- What the exercise asks:
Go to the line holding "- high ^ d)" in the entries below and write out exactly every line down to and including the line holding "using h(1) is_subringD(1,2)[OF".

- Records provided:

=== Begin Enclosure ===

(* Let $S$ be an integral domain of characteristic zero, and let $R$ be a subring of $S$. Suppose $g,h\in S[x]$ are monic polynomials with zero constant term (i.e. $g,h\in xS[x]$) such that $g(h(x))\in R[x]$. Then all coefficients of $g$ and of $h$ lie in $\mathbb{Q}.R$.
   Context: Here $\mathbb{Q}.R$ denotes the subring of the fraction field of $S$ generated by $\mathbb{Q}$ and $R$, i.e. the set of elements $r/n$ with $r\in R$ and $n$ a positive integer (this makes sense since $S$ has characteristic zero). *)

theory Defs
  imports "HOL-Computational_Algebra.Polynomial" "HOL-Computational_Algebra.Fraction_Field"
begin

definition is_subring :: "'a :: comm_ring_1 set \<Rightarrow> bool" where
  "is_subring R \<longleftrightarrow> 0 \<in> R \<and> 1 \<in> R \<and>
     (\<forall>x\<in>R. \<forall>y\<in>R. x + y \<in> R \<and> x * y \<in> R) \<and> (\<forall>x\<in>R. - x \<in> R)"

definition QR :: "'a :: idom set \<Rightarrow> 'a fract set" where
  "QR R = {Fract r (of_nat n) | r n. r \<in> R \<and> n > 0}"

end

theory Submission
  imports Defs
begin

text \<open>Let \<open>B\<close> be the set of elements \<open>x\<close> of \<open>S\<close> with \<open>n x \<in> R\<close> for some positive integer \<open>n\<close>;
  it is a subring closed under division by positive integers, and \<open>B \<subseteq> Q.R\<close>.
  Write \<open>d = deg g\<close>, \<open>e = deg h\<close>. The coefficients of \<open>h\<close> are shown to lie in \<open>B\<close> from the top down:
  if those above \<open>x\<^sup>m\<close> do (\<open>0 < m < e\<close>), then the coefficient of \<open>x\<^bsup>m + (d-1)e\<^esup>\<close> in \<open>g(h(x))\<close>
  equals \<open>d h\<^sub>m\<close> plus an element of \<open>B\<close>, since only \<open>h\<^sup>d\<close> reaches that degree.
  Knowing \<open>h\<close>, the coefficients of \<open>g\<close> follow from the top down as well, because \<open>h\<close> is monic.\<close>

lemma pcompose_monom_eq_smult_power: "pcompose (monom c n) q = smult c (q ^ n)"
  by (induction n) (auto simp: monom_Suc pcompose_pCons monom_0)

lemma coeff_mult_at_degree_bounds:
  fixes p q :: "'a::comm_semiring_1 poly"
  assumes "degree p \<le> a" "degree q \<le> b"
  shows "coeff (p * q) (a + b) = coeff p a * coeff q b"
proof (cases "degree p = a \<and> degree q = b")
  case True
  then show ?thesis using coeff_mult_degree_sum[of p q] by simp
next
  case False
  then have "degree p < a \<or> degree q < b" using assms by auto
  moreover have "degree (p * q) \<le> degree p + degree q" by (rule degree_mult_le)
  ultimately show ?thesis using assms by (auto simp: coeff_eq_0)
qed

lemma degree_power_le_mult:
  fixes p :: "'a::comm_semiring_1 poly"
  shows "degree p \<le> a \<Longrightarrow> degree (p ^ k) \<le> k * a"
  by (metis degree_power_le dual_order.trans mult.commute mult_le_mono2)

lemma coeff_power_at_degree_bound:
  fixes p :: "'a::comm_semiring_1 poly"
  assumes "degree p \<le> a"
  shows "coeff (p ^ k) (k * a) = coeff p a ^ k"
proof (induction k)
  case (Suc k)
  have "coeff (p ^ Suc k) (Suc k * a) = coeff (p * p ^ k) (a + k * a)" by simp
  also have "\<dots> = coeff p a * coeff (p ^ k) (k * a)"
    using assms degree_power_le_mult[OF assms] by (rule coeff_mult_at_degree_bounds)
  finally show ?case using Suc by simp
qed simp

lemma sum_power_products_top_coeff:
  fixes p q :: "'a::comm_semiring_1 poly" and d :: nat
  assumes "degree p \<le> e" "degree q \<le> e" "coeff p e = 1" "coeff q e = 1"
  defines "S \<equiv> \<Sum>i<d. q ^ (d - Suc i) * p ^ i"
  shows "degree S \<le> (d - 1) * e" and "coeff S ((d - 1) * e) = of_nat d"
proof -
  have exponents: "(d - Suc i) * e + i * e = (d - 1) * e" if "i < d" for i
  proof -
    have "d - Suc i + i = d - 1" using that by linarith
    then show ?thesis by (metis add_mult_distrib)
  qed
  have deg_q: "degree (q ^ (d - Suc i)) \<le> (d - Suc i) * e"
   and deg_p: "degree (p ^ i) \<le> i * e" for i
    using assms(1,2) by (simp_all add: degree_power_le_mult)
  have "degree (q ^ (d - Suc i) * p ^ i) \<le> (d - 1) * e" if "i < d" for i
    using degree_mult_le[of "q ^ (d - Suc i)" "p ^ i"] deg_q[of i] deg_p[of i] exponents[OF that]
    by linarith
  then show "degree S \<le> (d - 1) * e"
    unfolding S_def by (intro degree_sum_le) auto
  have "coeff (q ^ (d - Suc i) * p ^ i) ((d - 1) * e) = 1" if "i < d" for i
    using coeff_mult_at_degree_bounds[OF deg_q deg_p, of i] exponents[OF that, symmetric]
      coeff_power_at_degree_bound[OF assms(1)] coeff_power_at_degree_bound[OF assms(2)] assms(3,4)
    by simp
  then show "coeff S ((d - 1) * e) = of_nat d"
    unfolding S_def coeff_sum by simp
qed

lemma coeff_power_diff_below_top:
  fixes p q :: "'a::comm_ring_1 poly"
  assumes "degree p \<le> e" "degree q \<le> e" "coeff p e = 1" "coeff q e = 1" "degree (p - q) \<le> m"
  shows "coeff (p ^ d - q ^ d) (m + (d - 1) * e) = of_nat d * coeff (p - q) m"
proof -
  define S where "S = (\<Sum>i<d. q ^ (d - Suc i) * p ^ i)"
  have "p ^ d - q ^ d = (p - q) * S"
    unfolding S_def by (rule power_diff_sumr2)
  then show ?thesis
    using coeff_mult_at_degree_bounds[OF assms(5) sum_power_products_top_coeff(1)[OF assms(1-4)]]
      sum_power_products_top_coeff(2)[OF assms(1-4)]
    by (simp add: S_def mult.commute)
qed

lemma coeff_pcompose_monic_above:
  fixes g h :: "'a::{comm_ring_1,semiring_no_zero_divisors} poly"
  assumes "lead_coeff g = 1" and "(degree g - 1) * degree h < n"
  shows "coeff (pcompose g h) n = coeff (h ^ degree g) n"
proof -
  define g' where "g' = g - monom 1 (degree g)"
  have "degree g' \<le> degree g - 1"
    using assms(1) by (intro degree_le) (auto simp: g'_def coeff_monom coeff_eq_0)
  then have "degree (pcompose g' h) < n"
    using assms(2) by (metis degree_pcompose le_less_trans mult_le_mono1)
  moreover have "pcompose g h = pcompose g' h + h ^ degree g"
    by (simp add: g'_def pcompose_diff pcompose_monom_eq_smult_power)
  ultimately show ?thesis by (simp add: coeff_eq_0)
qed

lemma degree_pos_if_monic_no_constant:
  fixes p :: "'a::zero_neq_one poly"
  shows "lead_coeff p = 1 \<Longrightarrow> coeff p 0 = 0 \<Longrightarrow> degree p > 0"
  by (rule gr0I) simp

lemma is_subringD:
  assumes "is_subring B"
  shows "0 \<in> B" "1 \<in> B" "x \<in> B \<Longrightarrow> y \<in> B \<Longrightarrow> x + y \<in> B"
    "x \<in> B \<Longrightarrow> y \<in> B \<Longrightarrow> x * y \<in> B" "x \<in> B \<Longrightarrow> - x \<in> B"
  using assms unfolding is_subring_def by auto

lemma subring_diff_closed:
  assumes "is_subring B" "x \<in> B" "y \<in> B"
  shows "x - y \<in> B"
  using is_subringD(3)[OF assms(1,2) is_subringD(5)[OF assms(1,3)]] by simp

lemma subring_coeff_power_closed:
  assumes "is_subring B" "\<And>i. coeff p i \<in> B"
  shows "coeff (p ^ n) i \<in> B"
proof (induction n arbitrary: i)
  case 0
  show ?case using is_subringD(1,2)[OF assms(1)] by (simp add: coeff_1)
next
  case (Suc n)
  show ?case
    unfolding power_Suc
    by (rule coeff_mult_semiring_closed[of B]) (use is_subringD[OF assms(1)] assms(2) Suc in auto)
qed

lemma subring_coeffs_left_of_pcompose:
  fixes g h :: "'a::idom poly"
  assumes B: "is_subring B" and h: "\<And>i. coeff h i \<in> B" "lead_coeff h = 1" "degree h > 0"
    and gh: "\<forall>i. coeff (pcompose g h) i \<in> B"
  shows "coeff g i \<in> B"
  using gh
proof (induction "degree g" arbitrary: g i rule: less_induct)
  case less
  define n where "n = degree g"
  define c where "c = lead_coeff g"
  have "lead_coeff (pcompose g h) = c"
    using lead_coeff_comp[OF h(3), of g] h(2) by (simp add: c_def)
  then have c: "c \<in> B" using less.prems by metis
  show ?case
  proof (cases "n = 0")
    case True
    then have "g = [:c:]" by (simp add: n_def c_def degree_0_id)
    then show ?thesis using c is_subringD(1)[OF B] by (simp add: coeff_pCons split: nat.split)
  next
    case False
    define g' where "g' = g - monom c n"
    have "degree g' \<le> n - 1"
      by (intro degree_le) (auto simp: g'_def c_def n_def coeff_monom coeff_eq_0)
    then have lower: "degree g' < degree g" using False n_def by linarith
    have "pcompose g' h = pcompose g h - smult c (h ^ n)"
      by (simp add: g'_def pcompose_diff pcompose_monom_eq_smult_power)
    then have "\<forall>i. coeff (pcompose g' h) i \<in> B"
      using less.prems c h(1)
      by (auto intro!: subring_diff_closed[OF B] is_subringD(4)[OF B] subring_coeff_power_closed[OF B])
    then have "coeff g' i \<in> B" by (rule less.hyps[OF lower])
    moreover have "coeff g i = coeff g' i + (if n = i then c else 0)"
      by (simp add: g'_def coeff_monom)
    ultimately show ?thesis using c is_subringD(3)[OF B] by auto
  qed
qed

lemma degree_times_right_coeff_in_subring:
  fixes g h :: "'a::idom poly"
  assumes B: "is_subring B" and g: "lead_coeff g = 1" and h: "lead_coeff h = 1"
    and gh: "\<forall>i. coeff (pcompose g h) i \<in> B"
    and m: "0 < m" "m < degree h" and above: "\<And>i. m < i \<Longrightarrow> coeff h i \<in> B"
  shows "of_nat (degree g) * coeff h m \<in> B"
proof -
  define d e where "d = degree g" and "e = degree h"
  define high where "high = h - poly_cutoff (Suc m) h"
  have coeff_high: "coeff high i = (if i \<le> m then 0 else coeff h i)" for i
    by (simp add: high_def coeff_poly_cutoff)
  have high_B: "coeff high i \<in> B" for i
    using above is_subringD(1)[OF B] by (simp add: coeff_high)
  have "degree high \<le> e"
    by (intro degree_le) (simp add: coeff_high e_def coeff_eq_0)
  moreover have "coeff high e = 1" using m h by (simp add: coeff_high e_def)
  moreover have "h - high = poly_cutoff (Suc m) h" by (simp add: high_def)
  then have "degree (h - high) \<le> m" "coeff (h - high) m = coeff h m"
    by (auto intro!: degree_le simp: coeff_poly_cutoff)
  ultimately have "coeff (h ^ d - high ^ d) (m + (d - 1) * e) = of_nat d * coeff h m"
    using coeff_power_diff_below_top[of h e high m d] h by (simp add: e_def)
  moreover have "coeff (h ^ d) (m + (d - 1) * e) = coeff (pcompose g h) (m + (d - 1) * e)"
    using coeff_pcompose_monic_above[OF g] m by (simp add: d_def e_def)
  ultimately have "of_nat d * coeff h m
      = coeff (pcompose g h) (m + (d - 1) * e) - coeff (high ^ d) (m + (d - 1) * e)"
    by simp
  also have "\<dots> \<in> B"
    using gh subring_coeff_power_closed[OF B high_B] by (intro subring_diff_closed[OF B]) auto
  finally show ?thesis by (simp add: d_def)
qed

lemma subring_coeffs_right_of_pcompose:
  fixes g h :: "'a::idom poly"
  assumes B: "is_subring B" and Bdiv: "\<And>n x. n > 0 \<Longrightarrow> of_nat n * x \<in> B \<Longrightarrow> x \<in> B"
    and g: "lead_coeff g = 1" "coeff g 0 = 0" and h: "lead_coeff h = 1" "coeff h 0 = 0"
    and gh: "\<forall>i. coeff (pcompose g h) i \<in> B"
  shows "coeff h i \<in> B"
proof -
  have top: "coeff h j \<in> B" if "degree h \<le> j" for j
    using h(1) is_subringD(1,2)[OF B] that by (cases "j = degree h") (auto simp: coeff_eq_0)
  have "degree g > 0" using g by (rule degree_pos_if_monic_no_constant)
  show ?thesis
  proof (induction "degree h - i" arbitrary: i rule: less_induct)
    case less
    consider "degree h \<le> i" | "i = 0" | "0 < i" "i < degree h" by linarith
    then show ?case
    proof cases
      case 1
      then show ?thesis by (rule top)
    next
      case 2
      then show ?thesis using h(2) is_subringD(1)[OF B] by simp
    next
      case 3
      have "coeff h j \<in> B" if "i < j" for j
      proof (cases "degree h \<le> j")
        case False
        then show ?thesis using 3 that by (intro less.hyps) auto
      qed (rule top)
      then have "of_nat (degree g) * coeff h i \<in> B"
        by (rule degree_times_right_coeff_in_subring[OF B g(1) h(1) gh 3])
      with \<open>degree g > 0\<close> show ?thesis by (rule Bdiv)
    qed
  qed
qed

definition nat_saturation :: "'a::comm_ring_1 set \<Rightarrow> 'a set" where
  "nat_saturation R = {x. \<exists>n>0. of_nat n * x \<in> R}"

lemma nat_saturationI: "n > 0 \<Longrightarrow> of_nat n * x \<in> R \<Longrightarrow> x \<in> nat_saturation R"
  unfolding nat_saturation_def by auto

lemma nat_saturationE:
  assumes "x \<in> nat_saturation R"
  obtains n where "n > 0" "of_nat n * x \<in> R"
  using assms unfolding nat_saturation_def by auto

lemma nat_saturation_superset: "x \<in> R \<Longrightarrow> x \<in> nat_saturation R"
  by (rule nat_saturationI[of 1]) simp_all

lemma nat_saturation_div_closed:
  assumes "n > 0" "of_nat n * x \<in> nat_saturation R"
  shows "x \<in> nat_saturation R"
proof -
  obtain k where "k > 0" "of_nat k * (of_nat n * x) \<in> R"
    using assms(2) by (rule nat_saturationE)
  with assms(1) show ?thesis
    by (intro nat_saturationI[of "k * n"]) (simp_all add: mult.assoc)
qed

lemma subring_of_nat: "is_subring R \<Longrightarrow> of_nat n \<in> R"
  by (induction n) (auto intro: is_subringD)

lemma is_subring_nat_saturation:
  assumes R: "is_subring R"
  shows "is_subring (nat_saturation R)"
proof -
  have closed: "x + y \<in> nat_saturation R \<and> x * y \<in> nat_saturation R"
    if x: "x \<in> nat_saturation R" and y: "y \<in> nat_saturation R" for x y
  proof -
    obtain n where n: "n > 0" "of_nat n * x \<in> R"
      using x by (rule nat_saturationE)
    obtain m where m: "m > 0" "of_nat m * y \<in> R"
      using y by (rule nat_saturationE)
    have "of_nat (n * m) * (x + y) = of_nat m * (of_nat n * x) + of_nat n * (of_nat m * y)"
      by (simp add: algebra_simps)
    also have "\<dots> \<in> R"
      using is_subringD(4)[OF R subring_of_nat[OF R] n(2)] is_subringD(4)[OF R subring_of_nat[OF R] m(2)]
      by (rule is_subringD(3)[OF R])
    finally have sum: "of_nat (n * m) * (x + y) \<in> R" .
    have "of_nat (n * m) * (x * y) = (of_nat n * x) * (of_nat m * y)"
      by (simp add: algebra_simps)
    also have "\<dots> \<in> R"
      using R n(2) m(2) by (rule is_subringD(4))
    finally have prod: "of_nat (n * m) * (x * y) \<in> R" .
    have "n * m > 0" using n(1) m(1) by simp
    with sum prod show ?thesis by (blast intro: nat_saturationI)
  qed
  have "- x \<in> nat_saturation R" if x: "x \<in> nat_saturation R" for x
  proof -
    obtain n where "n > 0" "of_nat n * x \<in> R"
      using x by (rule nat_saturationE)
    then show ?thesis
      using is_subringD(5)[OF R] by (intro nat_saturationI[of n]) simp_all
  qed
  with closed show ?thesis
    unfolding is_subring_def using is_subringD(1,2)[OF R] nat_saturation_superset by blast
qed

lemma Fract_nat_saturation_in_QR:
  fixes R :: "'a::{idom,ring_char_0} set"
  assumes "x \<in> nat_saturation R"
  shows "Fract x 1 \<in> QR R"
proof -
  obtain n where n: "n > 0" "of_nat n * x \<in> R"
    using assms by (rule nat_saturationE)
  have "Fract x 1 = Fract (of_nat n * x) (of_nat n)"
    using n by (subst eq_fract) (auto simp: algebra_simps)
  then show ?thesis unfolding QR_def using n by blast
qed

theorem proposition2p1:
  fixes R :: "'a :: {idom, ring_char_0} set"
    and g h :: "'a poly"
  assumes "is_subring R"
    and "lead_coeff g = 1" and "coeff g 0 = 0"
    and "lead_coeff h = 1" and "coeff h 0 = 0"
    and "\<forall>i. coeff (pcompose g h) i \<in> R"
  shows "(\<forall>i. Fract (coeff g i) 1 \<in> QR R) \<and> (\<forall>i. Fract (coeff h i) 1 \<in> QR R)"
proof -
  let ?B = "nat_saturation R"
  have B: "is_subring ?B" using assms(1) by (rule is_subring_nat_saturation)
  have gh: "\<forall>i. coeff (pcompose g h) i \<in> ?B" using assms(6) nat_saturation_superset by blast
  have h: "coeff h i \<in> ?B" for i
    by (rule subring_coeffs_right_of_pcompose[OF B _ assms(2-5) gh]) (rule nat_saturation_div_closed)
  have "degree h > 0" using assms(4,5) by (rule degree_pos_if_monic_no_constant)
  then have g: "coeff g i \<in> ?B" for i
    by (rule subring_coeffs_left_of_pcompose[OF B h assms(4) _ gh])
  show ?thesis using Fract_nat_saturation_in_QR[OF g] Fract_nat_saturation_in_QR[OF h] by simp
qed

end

=== End Enclosure ===

- Solution for this exercise:
  ultimately have "coeff (h ^ d - high ^ d) (m + (d - 1) * e) = of_nat d * coeff h m"
    using coeff_power_diff_below_top[of h e high m d] h by (simp add: e_def)
  moreover have "coeff (h ^ d) (m + (d - 1) * e) = coeff (pcompose g h) (m + (d - 1) * e)"
    using coeff_pcompose_monic_above[OF g] m by (simp add: d_def e_def)
  ultimately have "of_nat d * coeff h m
      = coeff (pcompose g h) (m + (d - 1) * e) - coeff (high ^ d) (m + (d - 1) * e)"
    by simp
  also have "\<dots> \<in> B"
    using gh subring_coeff_power_closed[OF B high_B] by (intro subring_diff_closed[OF B]) auto
  finally show ?thesis by (simp add: d_def)
qed

lemma subring_coeffs_right_of_pcompose:
  fixes g h :: "'a::idom poly"
  assumes B: "is_subring B" and Bdiv: "\<And>n x. n > 0 \<Longrightarrow> of_nat n * x \<in> B \<Longrightarrow> x \<in> B"
    and g: "lead_coeff g = 1" "coeff g 0 = 0" and h: "lead_coeff h = 1" "coeff h 0 = 0"
    and gh: "\<forall>i. coeff (pcompose g h) i \<in> B"
  shows "coeff h i \<in> B"
proof -
  have top: "coeff h j \<in> B" if "degree h \<le> j" for j
    using h(1) is_subringD(1,2)[OF B] that by (cases "j = degree h") (auto simp: coeff_eq_0)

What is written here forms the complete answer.